Sports Algorithm

Algorithm development for fantasy sports


I worked with Lineup Lab, a fantasy sports website, to develop a custom algorithm that underpins a new premium product range.

Skills employed: Algorithm design, Mathematics, Python, (numpy, scipy), Cython, TDD, project design, Linux

A visualisation of a tree, the type of algorithm developed for Lineup Lab. Here, each node is a better choice than the nodes behind. The colour shows the depth of the tree from the trunk node.

Helping find the best fantasy sports team

Lineup Lab is a website that helps fantasy sports players calculate the players for their optimal fantasy teams for basketball and American football each day.1

Lineup Lab is part of the new fantasy sports market, which only came into existence in 2009. 6 years later it was at least a billion dollar market and looks set for continued rapid growth.

Challenge

Lineup Lab had an algorithm that could generate the best teams from any 50 players in a given sports league. As part of a new premium product, they needed an algorithm that would find the best teams using all the players in a given sport league, up to 350 players in 9 positions, in a few seconds. This would provide their users with a comprehensive selection of the best teams for use in fantasy sports.

There are trillions of possible teams with all the players considered, and a direct computation of this would take more time and computational resources than they had.

(The problem is a variant of “the multiple choice knapsack problem”, a problem, in this case, known to be NP-hard.)

Solution

I designed and implemented the algorithm to solve this problem. After researching known solutions in the literature, I wrote a simple proof of principle using the test data, prototyped a version of this using Python and implemented a full speed version using the Python libraries numpy and itertools.

The final algorithm was a tree-based algorithm, using multiple interacting trees of players and positions, exploiting many features of the data; as an example, any player with a lower salary and higher points value would be picked first. This arrangement was also true of knapsacks and sub-combinations of knapsacks. The solution also involved combinatorics and conventional code optimisations.

Results

While the initial algorithm worked on all the test data, it was later found to sometimes slow down during testing on the development server against real-world data, no longer providing an answer quickly enough for Lineup Lab's use. I provided an updated solution based on this new data, which consistently solved the problem in the required time. After a final round of testing, adding features and bug fixes, we were happy with the performance and reliability of the algorithm.

The algorithm was then deployed to the live server during the product release, underpinning all the solutions produced by the website, and has performed reliably ever since.

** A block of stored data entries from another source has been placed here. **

lemma Ck_on_2_dir_deriv_swap:
  assumes S: "open S" and f: "Ck_on 2 S f" and p: "p \<in> S"
  shows "dir_deriv (dir_deriv f v) w p = dir_deriv (dir_deriv f w) v p"
proof -
  note reg = Ck_on_2_regularity[OF S f]
  obtain d where d: "d > 0" and square: "\<And>a b. \<bar>a\<bar> \<le> d \<Longrightarrow> \<bar>b\<bar> \<le> d \<Longrightarrow> p + a *\<^sub>R v + b *\<^sub>R w \<in> S"
    using open_contains_parallelogram[OF S p] by blast
  have line: "p + s *\<^sub>R w \<in> S" if "s \<in> {-d..d}" for s
    using square[of 0 s] that by auto
  have "((\<lambda>b. dir_deriv f v (p + b *\<^sub>R w) - dir_deriv f v (p + (-d) *\<^sub>R w)) has_vector_derivative
      dir_deriv (dir_deriv f v) w p) (at 0 within {-d..d})"
    using has_field_derivative_dir_deriv_line[of "dir_deriv f v" p 0 w] reg(2)[OF p] d
    by (auto simp: has_real_derivative_iff_has_vector_derivative[symmetric] intro!: derivative_eq_intros)
  moreover have "continuous_on {-d..d} (\<lambda>s. dir_deriv (dir_deriv f w) v (p + s *\<^sub>R w))"
  proof (rule continuous_on_compose2[OF reg(4)])
    show "continuous_on {-d..d} (\<lambda>s. p + s *\<^sub>R w)" by (intro continuous_intros)
    show "(\<lambda>s. p + s *\<^sub>R w) ` {-d..d} \<subseteq> S" using line by auto
  qed
  then have "((\<lambda>b. integral {-d..b} (\<lambda>s. dir_deriv (dir_deriv f w) v (p + s *\<^sub>R w)))
      has_vector_derivative dir_deriv (dir_deriv f w) v p) (at 0 within {-d..d})"
    using integral_has_vector_derivative[of "-d" d _ 0] d by fastforce
  then have "((\<lambda>b. dir_deriv f v (p + b *\<^sub>R w) - dir_deriv f v (p + (-d) *\<^sub>R w))
      has_vector_derivative dir_deriv (dir_deriv f w) v p) (at 0 within {-d..d})"
  proof (rule has_vector_derivative_transform[rotated 2])
    fix b :: real assume "b \<in> {-d..d}"
    then show "dir_deriv f v (p + b *\<^sub>R w) - dir_deriv f v (p + (-d) *\<^sub>R w)
        = integral {-d..b} (\<lambda>s. dir_deriv (dir_deriv f w) v (p + s *\<^sub>R w))"
      by (intro dir_deriv_line_integral_dir_deriv[OF S f d(1) _ square]) auto
  qed (use d in simp)
  ultimately show ?thesis
    using d vector_derivative_unique_within_closed_interval[of "-d" d 0, unfolded cbox_interval] by simp
qed

lemma smooth_on_dir_deriv_swap:
  "open S \<Longrightarrow> smooth_on S f \<Longrightarrow> p \<in> S \<Longrightarrow> dir_deriv (dir_deriv f v) w p = dir_deriv (dir_deriv f w) v p"
  unfolding smooth_on_def by (blast intro: Ck_on_2_dir_deriv_swap)

section \<open>Integrals over the torus\<close>

lemma cbox_unit_Int_le:
  fixes k :: "'a::euclidean_space"
  assumes "k \<in> Basis" "c \<le> 1"
  shows "cbox 0 One \<inter> {x. x \<bullet> k \<le> c} = cbox 0 (One - (1 - c) *\<^sub>R k)"
  unfolding interval_split[OF assms(1)]
  by (rule arg_cong[where f="cbox 0"], rule euclidean_eqI)
    (use assms in \<open>auto simp: inner_sum_left_Basis inner_diff_left inner_Basis\<close>)

lemma cbox_unit_Int_ge:
  fixes k :: "'a::euclidean_space"
  assumes "k \<in> Basis" "0 \<le> c"
  shows "cbox 0 One \<inter> {x. c \<le> x \<bullet> k} = cbox (c *\<^sub>R k) One"
  unfolding interval_split[OF assms(1)]
  by (rule arg_cong[where f="\<lambda>a. cbox a One"], rule euclidean_eqI)
    (use assms in \<open>auto simp: inner_sum_left_Basis inner_Basis\<close>)

lemma integral_cbox_shift: "integral (cbox a b) (\<lambda>x. g (x + c)) = integral (cbox (a + c) (b + c)) g"
  using integral_shift_cbox_plus[of a b g c] by (simp add: o_def add.commute)

text \<open>Cut the cube at \<open>x \<bullet> k = 1 - h\<close>: the lower piece is translated onto \<open>{x \<bullet> k \<ge> h}\<close> and,
  by periodicity, the upper piece onto \<open>{x \<bullet> k \<le> h}\<close>.\<close>

lemma integral_unit_cube_shift_periodic:
  fixes g :: "'a::euclidean_space \<Rightarrow> real"
  assumes cont: "continuous_on UNIV g" and k: "k \<in> Basis" and per: "\<And>x. g (x + k) = g x"
    and h: "0 \<le> h" "h \<le> 1"
  shows "integral (cbox 0 One) (\<lambda>x. g (x + h *\<^sub>R k)) = integral (cbox 0 One) g"
proof -
  have int: "f integrable_on cbox 0 One" if "continuous_on UNIV f" for f :: "'a \<Rightarrow> real"
    using that by (intro integrable_continuous) (auto intro: continuous_on_subset)
  have per': "g (x + h *\<^sub>R k) = g (x + (h - 1) *\<^sub>R k)" for x
    using per[of "x + (h - 1) *\<^sub>R k"] by (simp add: algebra_simps)
  have lower: "cbox 0 One \<inter> {x. x \<bullet> k \<le> 1 - h} = cbox 0 (One - h *\<^sub>R k)"
    using cbox_unit_Int_le[OF k, of "1 - h"] h by simp
  have upper: "cbox 0 One \<inter> {x. 1 - h \<le> x \<bullet> k} = cbox ((1 - h) *\<^sub>R k) One"
    using cbox_unit_Int_ge[OF k, of "1 - h"] h by simp
  have "integral (cbox 0 One) (\<lambda>x. g (x + h *\<^sub>R k))
      = integral (cbox 0 One \<inter> {x. x \<bullet> k \<le> 1 - h}) (\<lambda>x. g (x + h *\<^sub>R k))
      + integral (cbox 0 One \<inter> {x. 1 - h \<le> x \<bullet> k}) (\<lambda>x. g (x + h *\<^sub>R k))"
    using k by (intro integral_split int continuous_on_compose2[OF cont]) (auto intro!: continuous_intros)
  also have "integral (cbox 0 One \<inter> {x. x \<bullet> k \<le> 1 - h}) (\<lambda>x. g (x + h *\<^sub>R k))
      = integral (cbox (h *\<^sub>R k) One) g"
    unfolding lower integral_cbox_shift by simp
  also have "\<dots> = integral (cbox 0 One \<inter> {x. h \<le> x \<bullet> k}) g"
    using cbox_unit_Int_ge[OF k h(1)] by simp
  also have "integral (cbox 0 One \<inter> {x. 1 - h \<le> x \<bullet> k}) (\<lambda>x. g (x + h *\<^sub>R k))
      = integral (cbox ((1 - h) *\<^sub>R k + (h - 1) *\<^sub>R k) (One + (h - 1) *\<^sub>R k)) g"
    unfolding upper per' by (rule integral_cbox_shift)
  also have "\<dots> = integral (cbox 0 (One - (1 - h) *\<^sub>R k)) g"
    by (simp add: algebra_simps)
  also have "\<dots> = integral (cbox 0 One \<inter> {x. x \<bullet> k \<le> h}) g"
    using cbox_unit_Int_le[OF k h(2)] by simp
  also have "integral (cbox 0 One \<inter> {x. h \<le> x \<bullet> k}) g + integral (cbox 0 One \<inter> {x. x \<bullet> k \<le> h}) g
      = integral (cbox 0 One) g"
    using integral_split[OF int[OF cont] k, of h] by simp
  finally show ?thesis .
qed

definition unit_x :: "'n \<Rightarrow> real \<times> (real^'n::finite)" where
  "unit_x j = (0, axis j 1)"

definition unit_t :: "real \<times> (real^'n::finite)" where
  "unit_t = (1, 0)"

abbreviation Dx :: "'n::finite \<Rightarrow> (real \<times> (real^'n) \<Rightarrow> real) \<Rightarrow> real \<times> (real^'n) \<Rightarrow> real" where
  "Dx j f \<equiv> dir_deriv f (unit_x j)"

abbreviation Dt :: "(real \<times> (real^'n::finite) \<Rightarrow> real) \<Rightarrow> real \<times> (real^'n) \<Rightarrow> real" where
  "Dt f \<equiv> dir_deriv f unit_t"

lemma add_scaleR_unit_x: "(t, x) + h *\<^sub>R unit_x j = (t, x + h *\<^sub>R axis j 1)"
  by (simp add: unit_x_def)

lemma add_scaleR_unit_t: "(0, x) + s *\<^sub>R unit_t = (s, x)"
  by (simp add: unit_t_def)

definition smooth_periodic :: "real \<Rightarrow> real \<Rightarrow> (real \<times> (real^'n::finite) \<Rightarrow> real) \<Rightarrow> bool" where
  "smooth_periodic a b K \<longleftrightarrow>
    smooth_on ({a<..<b} \<times> UNIV) K \<and> (\<forall>s\<in>{a<..<b}. periodic1 (\<lambda>x. K (s, x)))"

definition torus_int :: "real \<Rightarrow> (real \<times> (real^'n::finite) \<Rightarrow> real) \<Rightarrow> real" where
  "torus_int t K = integral (cbox 0 One) (\<lambda>x. K (t, x))"

lemma open_slab[simp]: "open ({a<..<b::real} \<times> (UNIV :: (real^'n::finite) set))"
  by (rule open_Times) simp_all

lemma smooth_periodic_const[simp]: "smooth_periodic a b (\<lambda>p. c)"
  by (simp add: smooth_periodic_def periodic1_def)

lemma smooth_periodic_add[simp]:
  "smooth_periodic a b f \<Longrightarrow> smooth_periodic a b g \<Longrightarrow> smooth_periodic a b (\<lambda>p. f p + g p)"
  by (simp add: smooth_periodic_def periodic1_def)

lemma smooth_periodic_diff[simp]:
  "smooth_periodic a b f \<Longrightarrow> smooth_periodic a b g \<Longrightarrow> smooth_periodic a b (\<lambda>p. f p - g p)"
  by (simp add: smooth_periodic_def periodic1_def)

lemma smooth_periodic_mult[simp]:
  "smooth_periodic a b f \<Longrightarrow> smooth_periodic a b g \<Longrightarrow> smooth_periodic a b (\<lambda>p. f p * g p)"
  by (simp add: smooth_periodic_def periodic1_def)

We went on to work together on another set of sports and adding additional features to the algorithm.


1. To win in fantasy sports the user must build a team with the highest possible "points" after a series of games - for example, in football a player who scores more goals would gain more points.

Each user has a certain budget to buy players for their team, with each player having a price, based on their previous performance. Each player also has a corresponding statistical projection of their success, from other sources.

Using Lineup Lab, the user can find the best team for a given budget, using these statistical scorings.